David Williams revisits city’s infamous crimes
Any student drawn to Chicago’s most infamous crimes — and the high-profile trials that resulted — should enroll in David Williams’ course.
And many do.
“It’s full every year, and this year there’s a waiting list to get in,” said Williams, an adjunct lecturer in the criminology, law and justice department who started teaching the course three semesters ago.
“Great Chicago Trials and Crimes” examines 11 cases, leading off with the “murder castle” of H.H. Holmes, the killer of as many as 200 people in the late 1800s as depicted in Erik Larson’s Devil in the White City.
Williams then moves on chronologically to:
• the Haymarket Riot: a bombing, followed by gunfire, in which seven police officers and at least four civilians died, 1886
• the Black Sox scandal: eight White Sox players were banned from baseball for intentionally losing games — and the 1919 World Series — to the Cincinnati Reds
• Leopold and Loeb: two privileged youths who kidnapped and murdered a young boy, 1924
• Al Capone: Chicago’s best-known criminal, he headed the city’s crime syndicate during the Roaring Twenties
• Richard Speck: the slayer of eight student nurses in a dormitory, 1966
• Chicago 7 trial: the defendants were charged with conspiracy, inciting to riot and other charges related to protests during the 1968 Democratic National Convention
• Operation Greylord: an investigation of corruption in the Cook County judiciary during the 1980s
• Harry Aleman: a mob hit man, he murdered 13 men between 1971 and 1976 and died in prison in 2010
• George Ryan and Rod Blagojevich: recent Illinois governors sent to prison for their crimes.
Williams also finds time to look at “cold cases” — crimes that were never solved, including the Tylenol murders of seven people who took poisoned medicine in 1982; the 1977 disappearance of candy heiress Helen Brach; and the slaying of Valerie Percy, daughter of Sen. Charles Percy, in their Kenilworth home in 1966.
With each case, he wants students to ask questions:
“Is there a hero or a villain? Are there misunderstood characters? Looking back, was it a success or failure for the criminal justice system? Did the right thing happen?”

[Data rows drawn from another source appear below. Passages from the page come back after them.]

lemma dual_basis_imp_projective_left_span:
  assumes inj: "inj_on a {..<k}" and c: "dual_basis a k c"
  shows "projective_left_ideal (left_span a k)"
proof -
  let ?J = "a ` {..<k}"
  obtain f where coords: "\<And>x l. l < k \<Longrightarrow> f (\<Sum>i<k. x i * a i) l = (\<Sum>i<k. x i * c i l)"
    using dual_basis_coordinates[OF c] by blast
  define s where "s y = (\<lambda>g. if g \<in> ?J then f y (inv_into {..<k} a g) else 0)" for y
  define p where "p v = (\<Sum>g\<in>?J. v g * g)" for v :: "'a \<Rightarrow> 'a"
  have "p (s y) = y" if y_in: "y \<in> left_span a k" for y
  proof -
    obtain x where y: "y = (\<Sum>i<k. x i * a i)"
      using y_in unfolding left_span_def by blast
    have "p (s y) = (\<Sum>l<k. f y l * a l)"
      using sum.reindex[OF inj, of "\<lambda>g. s y g * g"] inj unfolding p_def s_def by simp
    also have "\<dots> = (\<Sum>l<k. (\<Sum>i<k. x i * c i l) * a l)"
      unfolding y by (intro sum.cong refl) (simp add: coords)
    also have "\<dots> = (\<Sum>i<k. x i * (\<Sum>l<k. c i l * a l))"
      unfolding sum_distrib_right sum_distrib_left by (subst sum.swap) (simp add: mult.assoc)
    also have "\<dots> = y"
      using c unfolding y dual_basis_def by simp
    finally show ?thesis .
  qed
  moreover have "lin_into_free (left_span a k) ?J s"
    unfolding s_def[abs_def] by (rule lin_into_free_left_span[where f = f and c = c, OF coords])
  moreover have "lin_from_free ?J (left_span a k) p"
    unfolding p_def[abs_def] by (rule lin_from_free_left_span[OF inj])
  ultimately show ?thesis
    unfolding projective_left_ideal_def by blast
qed
lemma selfadjoint_invariant_subspace_unit_eigenvector:
  fixes A :: "complex^'n^'n"
  assumes sa: "\<And>x y. cinner (A *v x) y = cinner x (A *v y)"
    and S: "vec.subspace S" and inv: "\<And>x. x \<in> S \<Longrightarrow> A *v x \<in> S"
    and "x1 \<in> S" "x1 \<noteq> 0"
  shows "\<exists>x\<in>S. cinner x x = 1 \<and> (\<exists>r::real. A *v x = complex_of_real r *s x)"
proof -
  define g where "g x = Re (cinner (A *v x) x)" for x
  define normalize where "normalize x = complex_of_real (1 / norm x) *s x" for x :: "complex^'n"
  have normalize: "normalize y \<in> S \<inter> sphere 0 1" "g (normalize y) = g y / (norm y)\<^sup>2"
    if "y \<in> S" "y \<noteq> 0" for y
  proof -
    have "norm (normalize y) = 1"
      using that unfolding normalize_def norm_of_real_scale by simp
    then show "normalize y \<in> S \<inter> sphere 0 1"
      using that S by (simp add: normalize_def vec.subspace_scale)
    have "cinner (A *v normalize y) (normalize y) = complex_of_real ((1 / norm y)\<^sup>2) * cinner (A *v y) y"
      unfolding normalize_def matrix_vector_mult_scale cinner_scale_left cinner_scale_right
      by (simp add: power2_eq_square)
    then show "g (normalize y) = g y / (norm y)\<^sup>2"
      by (simp add: g_def power_one_over)
  qed
  have "compact (S \<inter> sphere 0 1)"
    using S by (intro closed_Int_compact closed_subspace subspace_if_vec_subspace compact_sphere)
  moreover have "S \<inter> sphere 0 1 \<noteq> {}"
    using normalize(1) \<open>x1 \<in> S\<close> \<open>x1 \<noteq> 0\<close> by blast
  moreover have "continuous_on (S \<inter> sphere 0 1) g"
    unfolding g_def by (intro continuous_intros)
  ultimately obtain x0 where x0: "x0 \<in> S \<inter> sphere 0 1" "\<forall>y\<in>S \<inter> sphere 0 1. g y \<le> g x0"
    using continuous_attains_sup[of "S \<inter> sphere 0 1" g] by blast
  have "g y \<le> g x0 * Re (cinner y y)" if "y \<in> S" for y
  proof (cases "y = 0")
    case False
    then have "g y / (norm y)\<^sup>2 \<le> g x0"
      using x0(2) normalize[OF that] by metis
    moreover have "Re (cinner y y) = (norm y)\<^sup>2"
      by (simp add: cinner_self)
    ultimately show ?thesis
      using False by (simp add: pos_divide_le_eq)
  qed (simp add: g_def)
  moreover have "cinner x0 x0 = 1"
    using x0(1) by (simp add: cinner_self_eq_1_iff)
  ultimately show ?thesis
    using rayleigh_maximizer_is_eigenvector[OF sa S inv] x0(1) unfolding g_def by blast
qed

lemma vec_subspace_orthogonal:
  "vec.subspace {x. \<forall>v\<in>V. cinner x v = 0}"
  by (simp add: vec.subspace_def cinner_add_left cinner_scale_left)

lemma exists_nonzero_orthogonal_to_orthonormal:
  fixes w :: "'n::finite \<Rightarrow> complex^'n"
  assumes orth: "\<forall>j\<in>K. \<forall>k\<in>K. cinner (w j) (w k) = (if j = k then 1 else 0)"
    and card: "card K < CARD('n)"
  shows "\<exists>x. x \<noteq> 0 \<and> (\<forall>l\<in>K. cinner x (w l) = 0)"
proof (rule ccontr)
  assume none: "\<not> ?thesis"
  have "v \<in> vec.span (w ` K)" for v
  proof -
    define p where "p = v - (\<Sum>l\<in>K. cinner v (w l) *s w l)"
    have "cinner p (w m) = 0" if m: "m \<in> K" for m
    proof -
      have "(\<Sum>l\<in>K. cinner v (w l) * cinner (w l) (w m)) = (\<Sum>l\<in>K. if l = m then cinner v (w l) else 0)"
        using m orth by (intro sum.cong) auto
      then show ?thesis
        using m by (simp add: p_def cinner_diff_left cinner_sum_left cinner_scale_left)
    qed
    then have "p = 0"
      using none by blast
    then have "v = (\<Sum>l\<in>K. cinner v (w l) *s w l)"
      by (simp add: p_def)
    also have "\<dots> \<in> vec.span (w ` K)"
      by (intro vec.span_sum vec.span_scale vec.span_base) auto
    finally show ?thesis .
  qed
  then have "vec.dim (UNIV :: (complex^'n) set) \<le> card (w ` K)"
    by (intro vec.dim_le_card) auto
  also have "\<dots> \<le> card K"
    by (rule card_image_le) simp
  finally show False
    using card vec_dim_card[where 'a=complex and 'n='n] by simp
qed
text \<open>Multi-indices in N_0^d are functions 'd \<Rightarrow> nat over a finite index type 'd
(d = CARD('d)); the order and the minimum are the componentwise ones (le_fun, inf).\<close>

definition cond_indep :: "'a measure \<Rightarrow> 'a measure \<Rightarrow> 'a measure \<Rightarrow> 'a measure \<Rightarrow> bool" where
  "cond_indep M G F H \<longleftrightarrow>
     (\<forall>A\<in>sets F. \<forall>B\<in>sets H.
        AE x in M. real_cond_exp M G (indicator (A \<inter> B)) x
                   = real_cond_exp M G (indicator A) x * real_cond_exp M G (indicator B) x)"

text \<open>Conditions (F1), (F2), (F4) on a multiparameter filtration, together with the
standing requirement that each F(r) is a sub-sigma-algebra of M.\<close>
definition multi_filtration :: "'a measure \<Rightarrow> (('d::finite \<Rightarrow> nat) \<Rightarrow> 'a measure) \<Rightarrow> bool" where
  "multi_filtration M F \<longleftrightarrow>
     (\<forall>r. subalgebra M (F r)) \<and>
     (\<forall>s r. s \<le> r \<longrightarrow> sets (F s) \<subseteq> sets (F r)) \<and>
     null_sets M \<subseteq> sets (F (\<lambda>_. 0)) \<and>
     (\<forall>s r. cond_indep M (F (inf s r)) (F s) (F r))"

definition axis_filt :: "(('d \<Rightarrow> nat) \<Rightarrow> 'a measure) \<Rightarrow> 'd \<Rightarrow> nat \<Rightarrow> 'a measure" where
  "axis_filt F i t = F (\<lambda>j. if j = i then t else 0)"
lemma norm_ratio_step_sq_le:
  assumes "cmod s \<le> \<rho>" "\<rho> < 1"
  shows "cmod (ratio_step s)^2 \<le> (2 + \<rho>^2) / 3 * cmod s^2"
proof -
  have s1: "cmod s < 1" using assms by simp
  have "cmod (s^3) \<le> cmod s"
    using power_decreasing[of 1 3 "cmod s"] s1 by (simp add: norm_power)
  then have t: "cmod (s^3) < 1" "cmod (s^3)^2 \<le> \<rho>^2"
    using assms s1 by (auto intro: power_mono)
  then have "2 - s^3 \<noteq> 0" by auto
  have "cmod (ratio_step s)^2 = cmod s^2 * cmod (1 - 2 * s^3)^2 / cmod (2 - s^3)^2"
    by (simp add: ratio_step_def norm_mult norm_divide power_mult_distrib power_divide)
  also have "\<dots> \<le> cmod s^2 * ((2 + cmod (s^3)^2) / 3 * cmod (2 - s^3)^2) / cmod (2 - s^3)^2"
    by (intro divide_right_mono mult_left_mono norm_one_sub_double_sq_le t) simp_all
  also have "\<dots> = (2 + cmod (s^3)^2) / 3 * cmod s^2"
    using \<open>2 - s^3 \<noteq> 0\<close> by simp
  also have "\<dots> \<le> (2 + \<rho>^2) / 3 * cmod s^2"
    using t by (intro mult_right_mono divide_right_mono) simp_all
  finally show ?thesis .
qed

lemma norm_ratio_step_le:
  assumes "cmod s < 1"
  shows "cmod (ratio_step s) \<le> cmod s"
proof (rule power2_le_imp_le)
  have "cmod s^2 \<le> 1" using assms by (simp add: power_le_one)
  then have "(2 + cmod s^2) / 3 * cmod s^2 \<le> cmod s^2" by (intro mult_left_le_one_le) simp_all
  then show "cmod (ratio_step s)^2 \<le> cmod s^2"
    using norm_ratio_step_sq_le[OF order_refl assms] by linarith
qed simp

lemma is_complex_normD:
  assumes "is_complex_norm N"
  shows "N (c *s x) = cmod c * N x" "N (x + y) \<le> N x + N y" "N x = 0 \<longleftrightarrow> x = 0"
  using assms unfolding is_complex_norm_def by blast+

lemma is_complex_norm_abs_diff_le:
  assumes "is_complex_norm N"
  shows "\<bar>N x - N y\<bar> \<le> N (x - y)"
proof -
  have "N (y - x) = N (x - y)"
    using is_complex_normD(1)[OF assms, of "-1" "x - y"] by (simp add: vec_eq_iff)
  then show ?thesis
    using is_complex_normD(2)[OF assms, of "x - y" y] is_complex_normD(2)[OF assms, of "y - x" x]
    by simp
qed

lemma is_complex_norm_tendsto_lincomb:
  assumes N: "is_complex_norm N" and a: "a \<longlonglongrightarrow> a0" and b: "b \<longlonglongrightarrow> b0"
  shows "(\<lambda>n. N (a n *s e + b n *s e')) \<longlonglongrightarrow> N (a0 *s e + b0 *s e')"
proof (rule LIM_zero_cancel, rule Lim_null_comparison[OF always_eventually])
  show "\<forall>n. norm (N (a n *s e + b n *s e') - N (a0 *s e + b0 *s e'))
      \<le> cmod (a n - a0) * N e + cmod (b n - b0) * N e'"
  proof
    fix n
    have "(a n *s e + b n *s e') - (a0 *s e + b0 *s e') = (a n - a0) *s e + (b n - b0) *s e'"
      by (simp add: vec_eq_iff algebra_simps)
    then have "norm (N (a n *s e + b n *s e') - N (a0 *s e + b0 *s e'))
        \<le> N ((a n - a0) *s e + (b n - b0) *s e')"
      using is_complex_norm_abs_diff_le[OF N] by (metis real_norm_def)
    also have "\<dots> \<le> N ((a n - a0) *s e) + N ((b n - b0) *s e')"
      by (rule is_complex_normD(2)[OF N])
    also have "\<dots> = cmod (a n - a0) * N e + cmod (b n - b0) * N e'"
      by (simp only: is_complex_normD(1)[OF N])
    finally show "norm (N (a n *s e + b n *s e') - N (a0 *s e + b0 *s e'))
        \<le> cmod (a n - a0) * N e + cmod (b n - b0) * N e'" .
  qed
  have "(\<lambda>n. cmod (a n - a0) * N e + cmod (b n - b0) * N e') \<longlonglongrightarrow> cmod (a0 - a0) * N e + cmod (b0 - b0) * N e'"
    by (intro tendsto_intros a b)
  then show "(\<lambda>n. cmod (a n - a0) * N e + cmod (b n - b0) * N e') \<longlonglongrightarrow> 0" by simp
qed

locale dominant_fourier_orbit =
  fixes U V :: "nat \<Rightarrow> complex"
  assumes U_Suc: "\<And>n. U (Suc n) = fourier_step (U n) (V n)"
    and V_Suc: "\<And>n. V (Suc n) = fourier_step (V n) (U n)"
    and dominant_0: "cmod (V 0) < cmod (U 0)"
begin

lemma norm_ratio_0_lt_one: "cmod (V 0 / U 0) < 1"
  using dominant_0 by (simp add: norm_divide divide_less_eq)

lemma orbit_step:
  assumes U: "U n \<noteq> 0" and s: "cmod (V n / U n) < 1"
  shows "U (Suc n) = U n * step_factor (V n / U n)"
    and "V (Suc n) = V n * (1 - step_factor (V n / U n))"
    and "V (Suc n) / U (Suc n) = ratio_step (V n / U n)"
proof -
  have "(V n / U n)^3 \<noteq> 1" using norm_cube_lt_one[OF s] by auto
  then have "U n ^ 3 \<noteq> V n ^ 3" using U by (auto simp: power_divide)
  then show U': "U (Suc n) = U n * step_factor (V n / U n)"
    and V': "V (Suc n) = V n * (1 - step_factor (V n / U n))"
    using U unfolding U_Suc V_Suc by (simp_all add: fourier_step_eq_step_factor)
  show "V (Suc n) / U (Suc n) = ratio_step (V n / U n)"
    unfolding U' V' step_factor_ratio[OF s, symmetric] using U step_factor_nonzero[OF s] by simp
qed

lemma orbit_invariant: "U n \<noteq> 0 \<and> cmod (V n / U n) \<le> cmod (V 0 / U 0)"
proof (induction n)
  case 0
  then show ?case using dominant_0 by auto
next
  case (Suc n)
  then have U: "U n \<noteq> 0" and s: "cmod (V n / U n) < 1"
    using norm_ratio_0_lt_one by auto
  then show ?case
    using orbit_step[OF U s] step_factor_nonzero[OF s] norm_ratio_step_le[OF s] Suc by auto
qed

lemma U_nonzero: "U n \<noteq> 0"
  using orbit_invariant by blast

lemma norm_ratio_lt_one: "cmod (V n / U n) < 1"
  using orbit_invariant[of n] norm_ratio_0_lt_one by linarith

lemmas U_Suc_eq = orbit_step(1)[OF U_nonzero norm_ratio_lt_one]
   and V_Suc_eq = orbit_step(2)[OF U_nonzero norm_ratio_lt_one]
   and ratio_Suc = orbit_step(3)[OF U_nonzero norm_ratio_lt_one]

lemma norm_ratio_sq_le:
  "cmod (V n / U n)^2 \<le> ((2 + cmod (V 0 / U 0)^2) / 3)^n * cmod (V 0 / U 0)^2"
proof (induction n)
  case (Suc n)
  have "cmod (V (Suc n) / U (Suc n))^2 \<le> (2 + cmod (V 0 / U 0)^2) / 3 * cmod (V n / U n)^2"
    unfolding ratio_Suc using orbit_invariant norm_ratio_0_lt_one by (intro norm_ratio_step_sq_le) auto
  also have "\<dots> \<le> ((2 + cmod (V 0 / U 0)^2) / 3)^Suc n * cmod (V 0 / U 0)^2"
    using mult_left_mono[OF Suc.IH, of "(2 + cmod (V 0 / U 0)^2) / 3"] by (simp add: ac_simps)
  finally show ?case .
qed simp

lemma ratio_tendsto_0: "(\<lambda>n. V n / U n) \<longlonglongrightarrow> 0"
proof -
  define \<rho> where "\<rho> = cmod (V 0 / U 0)"
  define q where "q = (2 + \<rho>^2) / 3"
  have "\<rho>^2 < 1" using norm_ratio_0_lt_one by (simp add: \<rho>_def power_less_one_iff)
  then have q: "0 \<le> q" "q < 1" by (simp_all add: q_def)
  have "cmod (V n / U n) \<le> sqrt (q^n * \<rho>^2)" for n
    using norm_ratio_sq_le[of n] by (intro real_le_rsqrt) (simp add: q_def \<rho>_def)
  also have "sqrt (q^n * \<rho>^2) = sqrt q ^ n * \<rho>" for n
    by (simp add: \<rho>_def real_sqrt_mult real_sqrt_power)
  finally have "\<forall>n. norm (V n / U n) \<le> sqrt q ^ n * \<rho>" by simp
  moreover have "(\<lambda>n. sqrt q ^ n * \<rho>) \<longlonglongrightarrow> 0"
    using q by (intro tendsto_mult_left_zero LIMSEQ_power_zero) simp
  ultimately show ?thesis by (rule Lim_null_comparison[OF always_eventually])
qed

lemma step_factor_tendsto: "(\<lambda>n. step_factor (V n / U n)) \<longlonglongrightarrow> 2 / 3"
proof -
  have "(\<lambda>n. (2 - (V n / U n)^3) / (3 * (1 - (V n / U n)^3))) \<longlonglongrightarrow> (2 - 0^3) / (3 * (1 - 0^3))"
    by (intro tendsto_intros ratio_tendsto_0) simp
  then show ?thesis by (simp add: step_factor_def)
qed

His favorite case is the Leopold and Loeb story.
“It’s got so many aspects at so many different levels, starting with two geniuses who believed they were above the law, trying to get away with the perfect murder,” Williams said.
“Clarence Darrow is in the mix. And it was one of the first cases that brought psychology into the courtroom. They actually tried to get Freud to testify, but he was too sick.”
The case “has got all the makings,” Williams said.
“The only thing it didn’t have is an actual trial. Darrow has them plead guilty to avoid the death penalty.”
Williams’ full-time job is prosecutor for the Cook County state’s attorney’s office, where he is deputy superintendent for public corruption and financial crimes and executive director of the regional organized crime task force.
He grew up in Arlington Heights and earned his bachelor’s degree at Urbana-Champaign.
Attending the London School of Economics, “I was interested in international political economics,” he said.
“Then I went to law school and quashed all other interests.” His law degree is from Boston College.
After three years with the state’s attorney, Williams spent 10 years with the U.S. Department of Homeland Security, returning to Cook County in 2010.
He lives in the Wicker Park neighborhood with his wife, Lisa, who works for the U.S. Justice Department.
“Chicago has so many great cases that had a profound effect on the American legal system or were infamous for either the crime or who the defendant was,” he said.
“Chicago is really a tapestry. Every case is a chance to learn something about the city and what’s involved with its history.”